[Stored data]
(* Let $d\in\mathbb{N}$, let $\mathcal{H}$ be a separable Hilbert space, $\Lambda\simeq\mathbb{Z}^d\subset\mathbb{R}^d$ a lattice, and $\{P(k)\}_{k\in\mathbb{R}^d}$ a family of orthogonal projectors on $\mathcal{H}$ of finite rank $m$ satisfying (P1)–(P4) below. Let $\Phi=(\phi_1,\dots,\phi_m):\mathbb{R}^d\to\mathcal{H}^m$ be a map such that for every $k$, $\{\phi_a(k)\}$ is an orthonormal basis of $\operatorname{Ran}P(k)$, each $\phi_a$ is continuous, $\phi_a(k+\lambda)=\tau_\lambda\phi_a(k)$ and $\phi_a(-k)=\Theta\phi_a(k)$ for all $k\in\mathbb{R}^d$, $\lambda\in\Lambda$, $a$. Then for every $\varepsilon>0$ there exists $\Phi_{\rm sm}=(\psi_1,\dots,\psi_m):\mathbb{R}^d\to\mathcal{H}^m$ with the same properties (orthonormal basis of $\operatorname{Ran}P(k)$ for every $k$, $\tau$-equivariance, time-reversal invariance) and in addition each $\psi_a$ is $C^\infty$-smooth, such that $\sup_{k\in\mathbb{R}^d}\big(\sum_{a=1}^m\|\phi_a(k)-\psi_a(k)\|_{\mathcal{H}}^2\big)^{1/2}<\varepsilon$.
   Context: (P1) $k\mapsto P(k)\in\mathcal{B}(\mathcal{H})$ is $C^\infty$-smooth in operator norm. (P2) $\tau:\Lambda\to\mathcal{U}(\mathcal{H})$, $\lambda\mapsto\tau_\lambda$, is a unitary representation with $P(k+\lambda)=\tau_\lambda P(k)\tau_\lambda^{-1}$. (P3) $\Theta$ is an antiunitary operator on $\mathcal{H}$ (surjective antilinear with $\langle\Theta\phi,\Theta\psi\rangle=\langle\psi,\phi\rangle$) with $P(-k)=\Theta P(k)\Theta^{-1}$ and $\Theta^2=\mathrm{Id}$. (P4) $\Theta\tau_\lambda=\tau_\lambda^{-1}\Theta$ for all $\lambda\in\Lambda$. *)

theory Defs
  imports "HOL-Analysis.Analysis"
begin

text \<open>A complex inner product space: a real inner product space carrying a complex
scalar multiplication compatible with the real one, and a complex inner product
(antilinear in the first argument, physics convention) whose real part is the real
inner product; hence the norm is the Hilbert norm sqrt (Re (cinner x x)).
A complex Hilbert space is then a type of class complex_inner_space and complete_space.\<close>

class complex_inner_space = real_inner +
  fixes scaleC :: "complex \<Rightarrow> 'a \<Rightarrow> 'a" (infixr "*\<^sub>C" 75)
    and cinner :: "'a \<Rightarrow> 'a \<Rightarrow> complex"
  assumes scaleC_add_right: "a *\<^sub>C (x + y) = a *\<^sub>C x + a *\<^sub>C y"
    and scaleC_add_left: "(a + b) *\<^sub>C x = a *\<^sub>C x + b *\<^sub>C x"
    and scaleC_scaleC: "a *\<^sub>C (b *\<^sub>C x) = (a * b) *\<^sub>C x"
    and scaleC_one: "1 *\<^sub>C x = x"
    and scaleR_scaleC: "r *\<^sub>R x = complex_of_real r *\<^sub>C x"
    and cinner_commute: "cinner x y = cnj (cinner y x)"
    and cinner_add_left: "cinner (x + y) z = cinner x z + cinner y z"
    and cinner_scaleC_left: "cinner (a *\<^sub>C x) y = cnj a * cinner x y"
    and inner_cinner: "inner x y = Re (cinner x y)"

definition separable_space :: "'a::topological_space itself \<Rightarrow> bool" where
  "separable_space _ \<longleftrightarrow> (\<exists>D::'a set. countable D \<and> closure D = UNIV)"

definition clinear :: "('a::complex_inner_space \<Rightarrow> 'b::complex_inner_space) \<Rightarrow> bool" where
  "clinear T \<longleftrightarrow> (\<forall>x y. T (x + y) = T x + T y) \<and> (\<forall>c x. T (c *\<^sub>C x) = c *\<^sub>C T x)"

**Exercise aim**
Could you output the records in full, exactly as written?

**Response for this exercise**
(* Let $d\in\mathbb{N}$, let $\mathcal{H}$ be a separable Hilbert space, $\Lambda\simeq\mathbb{Z}^d\subset\mathbb{R}^d$ a lattice, and $\{P(k)\}_{k\in\mathbb{R}^d}$ a family of orthogonal projectors on $\mathcal{H}$ of finite rank $m$ satisfying (P1)–(P4) below. Let $\Phi=(\phi_1,\dots,\phi_m):\mathbb{R}^d\to\mathcal{H}^m$ be a map such that for every $k$, $\{\phi_a(k)\}$ is an orthonormal basis of $\operatorname{Ran}P(k)$, each $\phi_a$ is continuous, $\phi_a(k+\lambda)=\tau_\lambda\phi_a(k)$ and $\phi_a(-k)=\Theta\phi_a(k)$ for all $k\in\mathbb{R}^d$, $\lambda\in\Lambda$, $a$. Then for every $\varepsilon>0$ there exists $\Phi_{\rm sm}=(\psi_1,\dots,\psi_m):\mathbb{R}^d\to\mathcal{H}^m$ with the same properties (orthonormal basis of $\operatorname{Ran}P(k)$ for every $k$, $\tau$-equivariance, time-reversal invariance) and in addition each $\psi_a$ is $C^\infty$-smooth, such that $\sup_{k\in\mathbb{R}^d}\big(\sum_{a=1}^m\|\phi_a(k)-\psi_a(k)\|_{\mathcal{H}}^2\big)^{1/2}<\varepsilon$.
   Context: (P1) $k\mapsto P(k)\in\mathcal{B}(\mathcal{H})$ is $C^\infty$-smooth in operator norm. (P2) $\tau:\Lambda\to\mathcal{U}(\mathcal{H})$, $\lambda\mapsto\tau_\lambda$, is a unitary representation with $P(k+\lambda)=\tau_\lambda P(k)\tau_\lambda^{-1}$. (P3) $\Theta$ is an antiunitary operator on $\mathcal{H}$ (surjective antilinear with $\langle\Theta\phi,\Theta\psi\rangle=\langle\psi,\phi\rangle$) with $P(-k)=\Theta P(k)\Theta^{-1}$ and $\Theta^2=\mathrm{Id}$. (P4) $\Theta\tau_\lambda=\tau_\lambda^{-1}\Theta$ for all $\lambda\in\Lambda$. *)

theory Defs
  imports "HOL-Analysis.Analysis"
begin

text \<open>A complex inner product space: a real inner product space carrying a complex
scalar multiplication compatible with the real one, and a complex inner product
(antilinear in the first argument, physics convention) whose real part is the real
inner product; hence the norm is the Hilbert norm sqrt (Re (cinner x x)).
A complex Hilbert space is then a type of class complex_inner_space and complete_space.\<close>

class complex_inner_space = real_inner +
  fixes scaleC :: "complex \<Rightarrow> 'a \<Rightarrow> 'a" (infixr "*\<^sub>C" 75)
    and cinner :: "'a \<Rightarrow> 'a \<Rightarrow> complex"
  assumes scaleC_add_right: "a *\<^sub>C (x + y) = a *\<^sub>C x + a *\<^sub>C y"
    and scaleC_add_left: "(a + b) *\<^sub>C x = a *\<^sub>C x + b *\<^sub>C x"
    and scaleC_scaleC: "a *\<^sub>C (b *\<^sub>C x) = (a * b) *\<^sub>C x"
    and scaleC_one: "1 *\<^sub>C x = x"
    and scaleR_scaleC: "r *\<^sub>R x = complex_of_real r *\<^sub>C x"
    and cinner_commute: "cinner x y = cnj (cinner y x)"
    and cinner_add_left: "cinner (x + y) z = cinner x z + cinner y z"
    and cinner_scaleC_left: "cinner (a *\<^sub>C x) y = cnj a * cinner x y"
    and inner_cinner: "inner x y = Re (cinner x y)"

definition separable_space :: "'a::topological_space itself \<Rightarrow> bool" where
  "separable_space _ \<longleftrightarrow> (\<exists>D::'a set. countable D \<and> closure D = UNIV)"

definition clinear :: "('a::complex_inner_space \<Rightarrow> 'b::complex_inner_space) \<Rightarrow> bool" where
  "clinear T \<longleftrightarrow> (\<forall>x y. T (x + y) = T x + T y) \<and> (\<forall>c x. T (c *\<^sub>C x) = c *\<^sub>C T x)"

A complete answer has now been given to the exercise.